De Buenos Aires à Rome, un veilleur qui parle d’espérance

Austère et ascète, le cardinal Bergoglio s’est toujours montré un ardent défenseur des pauvres et des exclus.

14/3/13

En 2008, dans une Argentine redevenue prospère après la crise de 2001-2002 mais qui accueillait difficilement de nouvelles populations venues des voisins latino-américains, le cardinal Jorge Mario Bergoglio devait rappeler dans une homélie la dette de son pays aux immigrés. « Ils sont venus. Quelle surprise ! Comme le père ou la mère de nous tous ici. Comme mon père », insistait-il.

Car le nouveau pape est d’abord un enfant d’immigrés italiens. Son père, venu du Piémont dans les années 1920, s’installe à Flores, un quartier alors populaire de l’ouest de Buenos Aires où son quatrième fils naît en 1936.

En bon Argentin, le petit garçon se passionne pour le football et le club de San Lorenzo, fondé en 1908 par un prêtre et qui a pris comme couleurs le rouge et le bleu d’une statue de la Vierge. Jorge Bergoglio raconte ne pas avoir manqué un seul match de championnat depuis 1946…

Élevé à l’école publique, il entame ensuite des études de chimie et travaille quelque temps dans un laboratoire. De cette époque, il se souvient d’un groupe d’amis avec qui il allait danser, et d’une « petite amie ». « Puis j’ai découvert la vocation religieuse », racontait-il en 2010 à deux journalistes dans un livre d’entretiens, non disponible en français. Ce sera d’abord le séminaire diocésain de Buenos Aires, puis le noviciat jésuite où il entre en 1958.

« Homme discret et très efficace »

Commencent alors de longues années d’études, de jésuitière en jésuitière : humanités au Chili, philosophie à Buenos Aires, il est professeur de lettres avant d’entamer ses études de théologie à San Miguel, dans la banlieue de Buenos Aires et est ordonné prêtre en 1969. Après son « troisième an » en Espagne, il devient maître des novices en 1972 puis, l’année suivante, provincial d’Argentine.

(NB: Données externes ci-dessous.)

(* Let $d\in\mathbb{N}$ and let $\mathcal{P}$ be a partition of $\mathbb{R}^{d}$. Suppose there exists $D\in(0,\infty)$ that is a strict pairwise bound for every $X\in\mathcal{P}$, and there exists $\epsilon\in(0,\infty)$ such that $|\mathcal{N}_{\epsilon}(\vec{q})|\leq d+1$ for all $\vec{q}\in\mathbb{R}^{d}$. Then there exists $\vec{p}\in\mathbb{R}^{d}$ such that $|\mathcal{N}_{\epsilon}(\vec{p})|=d+1$. Furthermore, $\mathcal{P}$ contains a $(d+1)$-clique.
   Context: On $\mathbb{R}^d$ use $d_{max}(\vec{x},\vec{y})=\max_i|x_i-y_i|$; $D$ is a strict pairwise bound for $X$ if $d_{max}(\vec{x},\vec{y})<D$ for all $\vec{x},\vec{y}\in X$; $\overline{B}_{\epsilon}(\vec{p})=\{\vec{x}:d_{max}(\vec{x},\vec{p})\le\epsilon\}$; $\mathcal{N}_{\epsilon}(\vec{p})=\{X\in\mathcal{P}: X\cap\overline{B}_{\epsilon}(\vec{p})\neq\emptyset\}$. Members $X,Y$ are adjacent if $\overline{X}\cap\overline{Y}\ne\emptyset$; an $n$-clique is a set of $n$ distinct pairwise adjacent members. *)

theory Defs
  imports "HOL-Analysis.Analysis"
begin

text \<open>Max-metric on R^d, modelled as real^'n with d = CARD('n).\<close>
definition dmax :: "real^'n \<Rightarrow> real^'n \<Rightarrow> real" where
  "dmax x y = Max (range (\<lambda>i. \<bar>x$i - y$i\<bar>))"

definition is_partition :: "'a set set \<Rightarrow> bool" where
  "is_partition P \<longleftrightarrow> (\<forall>X\<in>P. X \<noteq> {}) \<and>
     (\<forall>X\<in>P. \<forall>Y\<in>P. X \<noteq> Y \<longrightarrow> X \<inter> Y = {}) \<and> \<Union>P = UNIV"

definition strict_pairwise_bound :: "real \<Rightarrow> (real^'n) set \<Rightarrow> bool" where
  "strict_pairwise_bound D X \<longleftrightarrow> (\<forall>x\<in>X. \<forall>y\<in>X. dmax x y < D)"

definition cball_max :: "real \<Rightarrow> real^'n \<Rightarrow> (real^'n) set" where
  "cball_max e p = {x. dmax x p \<le> e}"

definition nbhd :: "(real^'n) set set \<Rightarrow> real \<Rightarrow> real^'n \<Rightarrow> (real^'n) set set" where
  "nbhd P e p = {X\<in>P. X \<inter> cball_max e p \<noteq> {}}"

definition adjacent :: "(real^'n) set \<Rightarrow> (real^'n) set \<Rightarrow> bool" where
  "adjacent X Y \<longleftrightarrow> closure X \<inter> closure Y \<noteq> {}"

definition has_clique :: "(real^'n) set set \<Rightarrow> nat \<Rightarrow> bool" where
  "has_clique P n \<longleftrightarrow> (\<exists>C\<subseteq>P. finite C \<and> card C = n \<and>
      (\<forall>X\<in>C. \<forall>Y\<in>C. adjacent X Y))"

end

theory Submission
  imports Defs "HOL-Library.Cardinality"
begin

(* Colour each member X of the partition by i if X lies in the half-space x_i > 0, and by 0
   if X lies below the hyperplane x_1 + ... + x_d = d D; a set of max-diameter less than D always
   admits such a colour. The unions A_k of the colour classes satisfy a KKM-type covering condition
   on the cube [0, dD]^d, so by Brouwer's fixed point theorem some point p lies in the closure of
   every A_k. Then every max-ball around p meets members of all d + 1 colours; together with the
   bound on the neighbourhoods this forces N_delta(p) = N_e(p) for all 0 < delta <= e, so p lies in
   the closure of each of the d + 1 members of N_e(p), and these form a clique. *)

lemma sum_UNIV_option:
  fixes h :: "'a::finite option \<Rightarrow> 'b::comm_monoid_add"
  shows "(\<Sum>k\<in>UNIV. h k) = h None + (\<Sum>i\<in>UNIV. h (Some i))"
proof -
  have "(\<Sum>k\<in>UNIV. h k) = (\<Sum>k\<in>insert None (range Some). h k)"
    by (simp add: UNIV_option_conv)
  also have "\<dots> = h None + (\<Sum>i\<in>UNIV. h (Some i))"
    by (simp add: sum.reindex)
  finally show ?thesis .
qed

lemma dmax_component_le: "\<bar>x$i - y$i\<bar> \<le> dmax x y"
  unfolding dmax_def by (rule Max_ge) auto

lemma dmax_le_dist: "dmax x y \<le> dist x y"
proof -
  have "\<bar>x$i - y$i\<bar> \<le> dist x y" for i
    using component_le_norm_cart[of "x - y" i] by (simp add: dist_norm)
  then show ?thesis
    unfolding dmax_def by (subst Max_le_iff) auto
qed

lemma dist_le_card_mult_dmax: "dist x y \<le> real CARD('n) * dmax x (y::real^'n)"
proof -
  have "dist x y \<le> (\<Sum>i\<in>UNIV. \<bar>(x - y)$i\<bar>)"
    unfolding dist_norm by (rule norm_le_l1_cart)
  also have "\<dots> \<le> (\<Sum>i\<in>(UNIV::'n set). dmax x y)"
    by (rule sum_mono) (simp add: dmax_component_le)
  finally show ?thesis by simp
qed

lemma in_closure_iff_cball_max:
  fixes p :: "real^'n"
  shows "p \<in> closure X \<longleftrightarrow> (\<forall>\<delta>>0. X \<inter> cball_max \<delta> p \<noteq> {})"
proof
  assume "p \<in> closure X"
  show "\<forall>\<delta>>0. X \<inter> cball_max \<delta> p \<noteq> {}"
  proof (intro allI impI)
    fix \<delta> :: real assume "\<delta> > 0"
    then obtain y where "y \<in> X" "dist y p < \<delta>"
      using \<open>p \<in> closure X\<close> closure_approachable by blast
    then show "X \<inter> cball_max \<delta> p \<noteq> {}"
      using dmax_le_dist[of y p] by (force simp: cball_max_def)
  qed
next
  assume balls: "\<forall>\<delta>>0. X \<inter> cball_max \<delta> p \<noteq> {}"
  show "p \<in> closure X"
    unfolding closure_approachable
  proof (intro allI impI)
    fix \<epsilon> :: real assume "\<epsilon> > 0"
    define \<delta> where "\<delta> = \<epsilon> / (2 * real CARD('n))"
    have "\<delta> > 0" using \<open>\<epsilon> > 0\<close> by (simp add: \<delta>_def)
    then obtain y where "y \<in> X" and y: "dmax y p \<le> \<delta>"
      using balls by (auto simp: cball_max_def)
    have "dist y p \<le> real CARD('n) * \<delta>"
      using dist_le_card_mult_dmax[of y p] y
      by (meson mult_left_mono of_nat_0_le_iff order_trans)
    also have "\<dots> < \<epsilon>" using \<open>\<epsilon> > 0\<close> by (simp add: \<delta>_def)
    finally show "\<exists>y\<in>X. dist y p < \<epsilon>" using \<open>y \<in> X\<close> by blast
  qed
qed

lemma nbhd_mono: "\<delta> \<le> e \<Longrightarrow> nbhd P \<delta> p \<subseteq> nbhd P e p"
  by (auto simp: nbhd_def cball_max_def)

definition kkm_cell :: "real \<Rightarrow> 'n option \<Rightarrow> (real^'n) set" where
  "kkm_cell L k = (case k of
      Some i \<Rightarrow> {x. 0 < x$i}
    | None \<Rightarrow> {x. (\<Sum>i\<in>UNIV. x$i) < L})"

lemma kkm_cover_nonempty:
  assumes cover: "\<And>x. \<exists>k. x \<in> A k \<inter> kkm_cell L k"
  shows "A k \<noteq> {}"
proof (cases k)
  case None
  obtain k' where "0 \<in> A k' \<inter> kkm_cell L k'" using cover by blast
  with None show ?thesis
    by (cases k') (auto simp: kkm_cell_def)
next
  case (Some j)
  obtain k' where k': "axis j L \<in> A k' \<inter> kkm_cell L k'" using cover by blast
  have "(\<Sum>i\<in>UNIV. axis j L $ i) = L"
    by (simp add: axis_def)
  with k' Some show ?thesis
    by (cases k') (auto simp: kkm_cell_def axis_def split: if_splits)
qed

(* The normalised distance functions to the A k define a self-map of the cube [0, L]^d whose
   fixed point would have to lie outside every cell containing it. *)
lemma kkm_common_closure_point:
  fixes A :: "'n option \<Rightarrow> (real^'n) set"
  assumes cover: "\<And>x. \<exists>k. x \<in> A k \<inter> kkm_cell L k"
  shows "\<exists>p. \<forall>k. p \<in> closure (A k)"
proof (rule ccontr)
  assume no_common: "\<not> ?thesis"
  have "L > 0"
    using cover[of 0] by (auto simp: kkm_cell_def split: option.splits)
  define g where "g k x = infdist x (A k)" for k x
  define S where "S x = (\<Sum>k\<in>UNIV. g k x)" for x
  have g_nonneg: "0 \<le> g k x" for k x
    by (simp add: g_def infdist_nonneg)
  have S_pos: "0 < S x" for x
  proof -
    obtain k where "x \<notin> closure (A k)" using no_common by blast
    then have "0 < g k x"
      using in_closure_iff_infdist_zero[OF kkm_cover_nonempty[OF cover]] g_nonneg[of k x]
      by (auto simp: g_def)
    also have "g k x \<le> S x"
      unfolding S_def by (rule member_le_sum) (auto simp: g_nonneg)
    finally show ?thesis .
  qed
  define f where "f x = (\<chi> i. L * g (Some i) x / S x)" for x
  have "continuous_on UNIV S"
    unfolding S_def g_def by (intro continuous_intros)
  then have "continuous_on UNIV f"
    unfolding f_def g_def
    by (intro continuous_on_vec_lambda continuous_intros)
      (auto simp: S_pos[THEN less_imp_neq, symmetric])
  then have "continuous_on (cbox 0 (\<chi> i. L)) f"
    by (rule continuous_on_subset) simp
  moreover have "f \<in> cbox 0 (\<chi> i. L) \<rightarrow> cbox 0 (\<chi> i. L)"
  proof
    fix x
    have "g (Some i) x \<le> S x" for i
      unfolding S_def by (rule member_le_sum) (auto simp: g_nonneg)
    then show "f x \<in> cbox 0 (\<chi> i. L)"
      using S_pos[of x] \<open>L > 0\<close> g_nonneg
      by (auto simp: f_def mem_box_cart divide_simps)
  qed
  moreover have "0 \<in> cbox 0 (\<chi> i. L)"
    using \<open>L > 0\<close> by (simp add: mem_box_cart)
  ultimately obtain x where fx: "f x = x"
    using brouwer[OF compact_cbox convex_box(1)] by (metis empty_iff)
  obtain k where "x \<in> A k" and cell: "x \<in> kkm_cell L k" using cover by blast
  then have gk: "g k x = 0" by (simp add: g_def)
  show False
  proof (cases k)
    case (Some i)
    have "x$i = L * g (Some i) x / S x" using fx by (metis f_def vec_lambda_beta)
    with Some gk cell show False by (simp add: kkm_cell_def)
  next
    case None
    have "(\<Sum>i\<in>UNIV. x$i) = (\<Sum>i\<in>UNIV. L * g (Some i) x / S x)"
      using fx by (metis f_def vec_lambda_beta)
    also have "\<dots> = L * (S x - g None x) / S x"
      by (simp add: S_def sum_UNIV_option[of "\<lambda>k. g k x"] sum_divide_distrib[symmetric]
          sum_distrib_left[symmetric])
    also have "\<dots> = L"
      using None gk S_pos[of x] by simp
    finally show False using None cell by (simp add: kkm_cell_def)
  qed
qed

lemma strict_pairwise_bound_in_kkm_cell:
  fixes X :: "(real^'n) set"
  assumes "strict_pairwise_bound D X"
  shows "\<exists>k. X \<subseteq> kkm_cell (D * CARD('n)) k"
proof (rule ccontr)
  assume no_cell: "\<not> ?thesis"
  have nonpos: "\<exists>y\<in>X. y$i \<le> 0" for i
    using no_cell[unfolded not_ex, rule_format, of "Some i"] by (auto simp: kkm_cell_def not_less)
  have "\<exists>y\<in>X. D * CARD('n) \<le> (\<Sum>j\<in>UNIV. y$j)"
    using no_cell[unfolded not_ex, rule_format, of None] by (auto simp: kkm_cell_def not_less)
  then obtain y where "y \<in> X" and y: "D * CARD('n) \<le> (\<Sum>j\<in>UNIV. y$j)" by blast
  have "\<exists>i. D \<le> y$i"
  proof (rule ccontr)
    assume "\<not> ?thesis"
    then have "(\<Sum>j\<in>UNIV. y$j) < (\<Sum>j\<in>(UNIV::'n set). D)"
      by (intro sum_strict_mono) (auto simp: not_le)
    with y show False by (simp add: mult.commute)
  qed
  then obtain i where "D \<le> y$i" by blast
  moreover obtain z where "z \<in> X" "z$i \<le> 0" using nonpos by blast
  ultimately have "D \<le> dmax y z"
    using dmax_component_le[of y i z] by simp
  then show False
    using assms \<open>y \<in> X\<close> \<open>z \<in> X\<close>
    by (auto simp: strict_pairwise_bound_def not_less[symmetric])
qed

lemma card_colours_le_card_nbhd:
  fixes P :: "(real^'n) set set" and c :: "(real^'n) set \<Rightarrow> 'k::finite"
  assumes accumulate: "\<And>k. p \<in> closure (\<Union>{X\<in>P. c X = k})"
    and "\<delta> > 0" and "finite (nbhd P \<delta> p)"
  shows "CARD('k) \<le> card (nbhd P \<delta> p)"
proof -
  have "k \<in> c ` nbhd P \<delta> p" for k
  proof -
    have "\<Union>{X\<in>P. c X = k} \<inter> cball_max \<delta> p \<noteq> {}"
      using accumulate[of k] \<open>\<delta> > 0\<close> in_closure_iff_cball_max by blast
    then obtain X where "X \<in> nbhd P \<delta> p" "c X = k"
      by (auto simp: nbhd_def)
    then show ?thesis by blast
  qed
  then have "c ` nbhd P \<delta> p = UNIV" by blast
  then show ?thesis
    using card_image_le[OF \<open>finite (nbhd P \<delta> p)\<close>, of c] by simp
qed

(* Once every max-ball around p meets all colour classes, the bound on card (nbhd P e p) leaves
   no room for nbhd P delta p to shrink as delta goes to 0. *)
lemma clique_at_common_closure_point:
  fixes P :: "(real^'n) set set" and c :: "(real^'n) set \<Rightarrow> 'k::finite"
  assumes accumulate: "\<And>k. p \<in> closure (\<Union>{X\<in>P. c X = k})"
    and "e > 0" and fin: "finite (nbhd P e p)" and bound: "card (nbhd P e p) \<le> CARD('k)"
  shows "card (nbhd P e p) = CARD('k)" and "has_clique P CARD('k)"
proof -
  have stable: "nbhd P \<delta> p = nbhd P e p" if "0 < \<delta>" "\<delta> \<le> e" for \<delta>
  proof (rule card_subset_eq[OF fin nbhd_mono[OF \<open>\<delta> \<le> e\<close>]])
    have "finite (nbhd P \<delta> p)"
      using fin nbhd_mono[OF \<open>\<delta> \<le> e\<close>] by (rule finite_subset[rotated])
    then show "card (nbhd P \<delta> p) = card (nbhd P e p)"
      using card_colours_le_card_nbhd[OF accumulate \<open>0 < \<delta>\<close>] bound
        card_mono[OF fin nbhd_mono[OF \<open>\<delta> \<le> e\<close>]] by linarith
  qed
  show card: "card (nbhd P e p) = CARD('k)"
    using card_colours_le_card_nbhd[OF accumulate \<open>e > 0\<close> fin] bound by linarith
  have closure_point: "p \<in> closure X" if "X \<in> nbhd P e p" for X
    unfolding in_closure_iff_cball_max
  proof (intro allI impI)
    fix \<delta> :: real assume "\<delta> > 0"
    then have "X \<in> nbhd P (min \<delta> e) p"
      using stable[of "min \<delta> e"] \<open>e > 0\<close> that by simp
    then show "X \<inter> cball_max \<delta> p \<noteq> {}"
      by (auto simp: nbhd_def cball_max_def)
  qed
  show "has_clique P CARD('k)"
    unfolding has_clique_def
  proof (intro exI[of _ "nbhd P e p"] conjI ballI)
    show "nbhd P e p \<subseteq> P" by (auto simp: nbhd_def)
    show "finite (nbhd P e p)" by (rule fin)
    show "card (nbhd P e p) = CARD('k)" by (rule card)
    fix X Y assume "X \<in> nbhd P e p" "Y \<in> nbhd P e p"
    then have "p \<in> closure X \<inter> closure Y"
      by (simp add: closure_point)
    then show "adjacent X Y"
      unfolding adjacent_def by blast
  qed
qed

theorem mainTheorem15:
  fixes P :: "(real^'n) set set" and D e :: real
  assumes "is_partition P"
    and "D > 0" and "\<forall>X\<in>P. strict_pairwise_bound D X"
    and "e > 0"
    and "\<forall>q. finite (nbhd P e q) \<and> card (nbhd P e q) \<le> CARD('n) + 1"
  shows "(\<exists>p. card (nbhd P e p) = CARD('n) + 1) \<and> has_clique P (CARD('n) + 1)"
proof -
  define L where "L = D * CARD('n)"
  have "\<forall>X\<in>P. \<exists>k. X \<subseteq> kkm_cell L k"
    using assms(3) strict_pairwise_bound_in_kkm_cell unfolding L_def by blast
  then obtain c where colour: "\<And>X. X \<in> P \<Longrightarrow> X \<subseteq> kkm_cell L (c X)"
    by (metis bchoice)
  have cover: "\<exists>k. x \<in> \<Union>{X\<in>P. c X = k} \<inter> kkm_cell L k" for x
  proof -
    have "x \<in> \<Union>P" using \<open>is_partition P\<close> by (simp add: is_partition_def)
    then obtain X where "X \<in> P" "x \<in> X" by blast
    then show ?thesis using colour by blast
  qed
  obtain p where "\<And>k. p \<in> closure (\<Union>{X\<in>P. c X = k})"
    using kkm_common_closure_point[OF cover] by blast
  from clique_at_common_closure_point[OF this \<open>e > 0\<close>]
  have "card (nbhd P e p) = CARD('n option)" and "has_clique P CARD('n option)"
    using assms(5) by simp_all
  then show ?thesis by auto
qed

end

Des années difficiles, marquées par la dictature, où la Compagnie est profondément divisée sur la question de la théologie de la libération et souffre d’une baisse des vocations. À seulement 37 ans, il doit prendre des décisions difficiles, soucieux de maintenir la non-politisation des jésuites, mais, six ans plus tard, il laisse une province apaisée et de nouvelles vocations.

Recteur du Collegio Maximo de Buenos Aires et curé dans la capitale argentine en 1980, il part en 1986 achever ses études de théologie en Allemagne, puis revient comme curé en Argentine, à Cordoba, à 700 km à l’ouest de Buenos Aires.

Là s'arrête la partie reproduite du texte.